* Excerpted data *

******

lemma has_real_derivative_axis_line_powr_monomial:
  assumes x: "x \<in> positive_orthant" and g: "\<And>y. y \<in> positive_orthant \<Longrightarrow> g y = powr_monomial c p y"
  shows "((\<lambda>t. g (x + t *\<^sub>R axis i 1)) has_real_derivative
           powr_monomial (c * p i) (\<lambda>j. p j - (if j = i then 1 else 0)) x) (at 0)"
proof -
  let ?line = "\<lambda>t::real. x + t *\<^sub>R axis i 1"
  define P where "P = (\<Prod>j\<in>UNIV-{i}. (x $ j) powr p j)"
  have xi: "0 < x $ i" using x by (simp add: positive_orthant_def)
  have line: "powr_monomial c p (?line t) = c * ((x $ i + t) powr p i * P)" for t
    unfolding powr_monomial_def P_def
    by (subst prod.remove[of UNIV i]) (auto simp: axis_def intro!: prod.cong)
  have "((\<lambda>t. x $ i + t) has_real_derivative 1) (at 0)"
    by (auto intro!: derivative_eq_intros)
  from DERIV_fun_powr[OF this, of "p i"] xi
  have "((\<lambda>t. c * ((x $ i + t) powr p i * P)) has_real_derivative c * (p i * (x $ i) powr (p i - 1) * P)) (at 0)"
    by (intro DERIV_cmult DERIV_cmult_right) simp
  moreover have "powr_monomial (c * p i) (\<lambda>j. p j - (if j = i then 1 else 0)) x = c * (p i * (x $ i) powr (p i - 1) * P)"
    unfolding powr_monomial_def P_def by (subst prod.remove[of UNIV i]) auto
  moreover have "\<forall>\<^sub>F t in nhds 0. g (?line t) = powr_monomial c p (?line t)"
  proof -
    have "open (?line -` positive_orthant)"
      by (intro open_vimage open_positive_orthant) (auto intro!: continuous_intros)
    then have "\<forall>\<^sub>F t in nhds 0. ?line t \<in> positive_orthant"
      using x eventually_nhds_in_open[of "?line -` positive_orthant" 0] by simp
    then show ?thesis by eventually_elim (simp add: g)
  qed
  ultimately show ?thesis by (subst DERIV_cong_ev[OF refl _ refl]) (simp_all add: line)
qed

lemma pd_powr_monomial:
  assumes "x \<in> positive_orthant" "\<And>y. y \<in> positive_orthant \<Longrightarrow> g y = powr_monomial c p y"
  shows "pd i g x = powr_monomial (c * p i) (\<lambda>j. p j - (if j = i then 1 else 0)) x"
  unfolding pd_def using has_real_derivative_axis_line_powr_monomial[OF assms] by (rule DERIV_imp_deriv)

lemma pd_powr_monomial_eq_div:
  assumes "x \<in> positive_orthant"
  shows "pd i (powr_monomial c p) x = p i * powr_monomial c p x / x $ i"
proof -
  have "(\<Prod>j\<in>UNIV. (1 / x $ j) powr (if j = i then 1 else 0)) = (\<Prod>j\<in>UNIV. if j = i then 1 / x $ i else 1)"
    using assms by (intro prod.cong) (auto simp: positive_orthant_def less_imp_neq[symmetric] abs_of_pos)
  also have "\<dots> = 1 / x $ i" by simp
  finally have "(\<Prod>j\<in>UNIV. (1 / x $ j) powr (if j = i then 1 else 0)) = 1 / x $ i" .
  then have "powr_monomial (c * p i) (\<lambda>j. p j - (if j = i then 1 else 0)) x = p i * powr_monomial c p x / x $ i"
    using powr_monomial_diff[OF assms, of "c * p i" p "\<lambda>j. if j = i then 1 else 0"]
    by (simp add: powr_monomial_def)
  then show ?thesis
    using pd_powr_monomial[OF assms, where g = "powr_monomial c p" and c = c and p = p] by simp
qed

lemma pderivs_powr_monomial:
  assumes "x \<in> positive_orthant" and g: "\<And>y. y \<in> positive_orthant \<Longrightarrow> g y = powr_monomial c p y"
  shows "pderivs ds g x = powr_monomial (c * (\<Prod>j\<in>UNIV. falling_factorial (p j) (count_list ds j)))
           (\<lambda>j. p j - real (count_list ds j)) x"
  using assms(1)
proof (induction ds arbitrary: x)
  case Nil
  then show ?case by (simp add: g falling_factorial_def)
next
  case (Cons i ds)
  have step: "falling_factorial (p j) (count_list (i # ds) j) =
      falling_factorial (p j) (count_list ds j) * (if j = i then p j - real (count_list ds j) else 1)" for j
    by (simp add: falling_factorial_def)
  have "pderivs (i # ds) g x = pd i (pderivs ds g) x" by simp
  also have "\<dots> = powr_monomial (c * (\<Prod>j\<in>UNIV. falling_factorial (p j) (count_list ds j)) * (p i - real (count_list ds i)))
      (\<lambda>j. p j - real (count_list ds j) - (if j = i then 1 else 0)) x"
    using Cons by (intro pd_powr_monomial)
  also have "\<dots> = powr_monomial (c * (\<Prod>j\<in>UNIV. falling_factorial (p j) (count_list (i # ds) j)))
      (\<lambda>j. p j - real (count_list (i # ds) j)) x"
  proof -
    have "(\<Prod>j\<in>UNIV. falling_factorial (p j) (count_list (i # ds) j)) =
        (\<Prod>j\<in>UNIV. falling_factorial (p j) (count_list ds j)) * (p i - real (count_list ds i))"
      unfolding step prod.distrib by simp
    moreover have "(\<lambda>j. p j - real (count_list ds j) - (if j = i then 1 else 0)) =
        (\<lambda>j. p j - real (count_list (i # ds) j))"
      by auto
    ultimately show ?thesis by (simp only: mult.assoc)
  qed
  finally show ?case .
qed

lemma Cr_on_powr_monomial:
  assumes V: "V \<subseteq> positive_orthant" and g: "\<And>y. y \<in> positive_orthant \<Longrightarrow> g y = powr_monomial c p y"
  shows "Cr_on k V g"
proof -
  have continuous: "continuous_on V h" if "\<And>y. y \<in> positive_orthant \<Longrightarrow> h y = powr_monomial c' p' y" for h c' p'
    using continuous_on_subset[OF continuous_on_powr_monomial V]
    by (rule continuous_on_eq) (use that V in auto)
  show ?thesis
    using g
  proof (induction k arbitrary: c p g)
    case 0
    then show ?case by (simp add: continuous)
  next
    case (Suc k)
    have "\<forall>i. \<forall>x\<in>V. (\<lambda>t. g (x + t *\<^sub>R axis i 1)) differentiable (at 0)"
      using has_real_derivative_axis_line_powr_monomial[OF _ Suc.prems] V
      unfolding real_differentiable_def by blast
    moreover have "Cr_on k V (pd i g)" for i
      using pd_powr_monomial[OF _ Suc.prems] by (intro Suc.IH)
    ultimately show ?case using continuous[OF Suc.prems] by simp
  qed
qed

******

* Work instruction *
Every entry must be set down again exactly as it reads.

* Task solution *
lemma has_real_derivative_axis_line_powr_monomial:
  assumes x: "x \<in> positive_orthant" and g: "\<And>y. y \<in> positive_orthant \<Longrightarrow> g y = powr_monomial c p y"
  shows "((\<lambda>t. g (x + t *\<^sub>R axis i 1)) has_real_derivative
           powr_monomial (c * p i) (\<lambda>j. p j - (if j = i then 1 else 0)) x) (at 0)"
proof -
  let ?line = "\<lambda>t::real. x + t *\<^sub>R axis i 1"
  define P where "P = (\<Prod>j\<in>UNIV-{i}. (x $ j) powr p j)"
  have xi: "0 < x $ i" using x by (simp add: positive_orthant_def)
  have line: "powr_monomial c p (?line t) = c * ((x $ i + t) powr p i * P)" for t
    unfolding powr_monomial_def P_def
    by (subst prod.remove[of UNIV i]) (auto simp: axis_def intro!: prod.cong)
  have "((\<lambda>t. x $ i + t) has_real_derivative 1) (at 0)"
    by (auto intro!: derivative_eq_intros)
  from DERIV_fun_powr[OF this, of "p i"] xi
  have "((\<lambda>t. c * ((x $ i + t) powr p i * P)) has_real_derivative c * (p i * (x $ i) powr (p i - 1) * P)) (at 0)"
    by (intro DERIV_cmult DERIV_cmult_right) simp
  moreover have "powr_monomial (c * p i) (\<lambda>j. p j - (if j = i then 1 else 0)) x = c * (p i * (x $ i) powr (p i - 1) * P)"
    unfolding powr_monomial_def P_def by (subst prod.remove[of UNIV i]) auto
  moreover have "\<forall>\<^sub>F t in nhds 0. g (?line t) = powr_monomial c p (?line t)"
  proof -
    have "open (?line -` positive_orthant)"
      by (intro open_vimage open_positive_orthant) (auto intro!: continuous_intros)
    then have "\<forall>\<^sub>F t in nhds 0. ?line t \<in> positive_orthant"
      using x eventually_nhds_in_open[of "?line -` positive_orthant" 0] by simp
    then show ?thesis by eventually_elim (simp add: g)
  qed
  ultimately show ?thesis by (subst DERIV_cong_ev[OF refl _ refl]) (simp_all add: line)
qed

lemma pd_powr_monomial:
  assumes "x \<in> positive_orthant" "\<And>y. y \<in> positive_orthant \<Longrightarrow> g y = powr_monomial c p y"
  shows "pd i g x = powr_monomial (c * p i) (\<lambda>j. p j - (if j = i then 1 else 0)) x"
  unfolding pd_def using has_real_derivative_axis_line_powr_monomial[OF assms] by (rule DERIV_imp_deriv)

lemma pd_powr_monomial_eq_div:
  assumes "x \<in> positive_orthant"
  shows "pd i (powr_monomial c p) x = p i * powr_monomial c p x / x $ i"
proof -
  have "(\<Prod>j\<in>UNIV. (1 / x $ j) powr (if j = i then 1 else 0)) = (\<Prod>j\<in>UNIV. if j = i then 1 / x $ i else 1)"
    using assms by (intro prod.cong) (auto simp: positive_orthant_def less_imp_neq[symmetric] abs_of_pos)
  also have "\<dots> = 1 / x $ i" by simp
  finally have "(\<Prod>j\<in>UNIV. (1 / x $ j) powr (if j = i then 1 else 0)) = 1 / x $ i" .
  then have "powr_monomial (c * p i) (\<lambda>j. p j - (if j = i then 1 else 0)) x = p i * powr_monomial c p x / x $ i"
    using powr_monomial_diff[OF assms, of "c * p i" p "\<lambda>j. if j = i then 1 else 0"]
    by (simp add: powr_monomial_def)
  then show ?thesis
    using pd_powr_monomial[OF assms, where g = "powr_monomial c p" and c = c and p = p] by simp
qed

lemma pderivs_powr_monomial:
  assumes "x \<in> positive_orthant" and g: "\<And>y. y \<in> positive_orthant \<Longrightarrow> g y = powr_monomial c p y"
  shows "pderivs ds g x = powr_monomial (c * (\<Prod>j\<in>UNIV. falling_factorial (p j) (count_list ds j)))
           (\<lambda>j. p j - real (count_list ds j)) x"
  using assms(1)
proof (induction ds arbitrary: x)
  case Nil
  then show ?case by (simp add: g falling_factorial_def)
next
  case (Cons i ds)
  have step: "falling_factorial (p j) (count_list (i # ds) j) =
      falling_factorial (p j) (count_list ds j) * (if j = i then p j - real (count_list ds j) else 1)" for j
    by (simp add: falling_factorial_def)
  have "pderivs (i # ds) g x = pd i (pderivs ds g) x" by simp
  also have "\<dots> = powr_monomial (c * (\<Prod>j\<in>UNIV. falling_factorial (p j) (count_list ds j)) * (p i - real (count_list ds i)))
      (\<lambda>j. p j - real (count_list ds j) - (if j = i then 1 else 0)) x"
    using Cons by (intro pd_powr_monomial)
  also have "\<dots> = powr_monomial (c * (\<Prod>j\<in>UNIV. falling_factorial (p j) (count_list (i # ds) j)))
      (\<lambda>j. p j - real (count_list (i # ds) j)) x"
  proof -
    have "(\<Prod>j\<in>UNIV. falling_factorial (p j) (count_list (i # ds) j)) =
        (\<Prod>j\<in>UNIV. falling_factorial (p j) (count_list ds j)) * (p i - real (count_list ds i))"
      unfolding step prod.distrib by simp
    moreover have "(\<lambda>j. p j - real (count_list ds j) - (if j = i then 1 else 0)) =
        (\<lambda>j. p j - real (count_list (i # ds) j))"
      by auto
    ultimately show ?thesis by (simp only: mult.assoc)
  qed
  finally show ?case .
qed

lemma Cr_on_powr_monomial:
  assumes V: "V \<subseteq> positive_orthant" and g: "\<And>y. y \<in> positive_orthant \<Longrightarrow> g y = powr_monomial c p y"
  shows "Cr_on k V g"
proof -
  have continuous: "continuous_on V h" if "\<And>y. y \<in> positive_orthant \<Longrightarrow> h y = powr_monomial c' p' y" for h c' p'
    using continuous_on_subset[OF continuous_on_powr_monomial V]
    by (rule continuous_on_eq) (use that V in auto)
  show ?thesis
    using g
  proof (induction k arbitrary: c p g)
    case 0
    then show ?case by (simp add: continuous)
  next
    case (Suc k)
    have "\<forall>i. \<forall>x\<in>V. (\<lambda>t. g (x + t *\<^sub>R axis i 1)) differentiable (at 0)"
      using has_real_derivative_axis_line_powr_monomial[OF _ Suc.prems] V
      unfolding real_differentiable_def by blast
    moreover have "Cr_on k V (pd i g)" for i
      using pd_powr_monomial[OF _ Suc.prems] by (intro Suc.IH)
    ultimately show ?case using continuous[OF Suc.prems] by simp
  qed
qed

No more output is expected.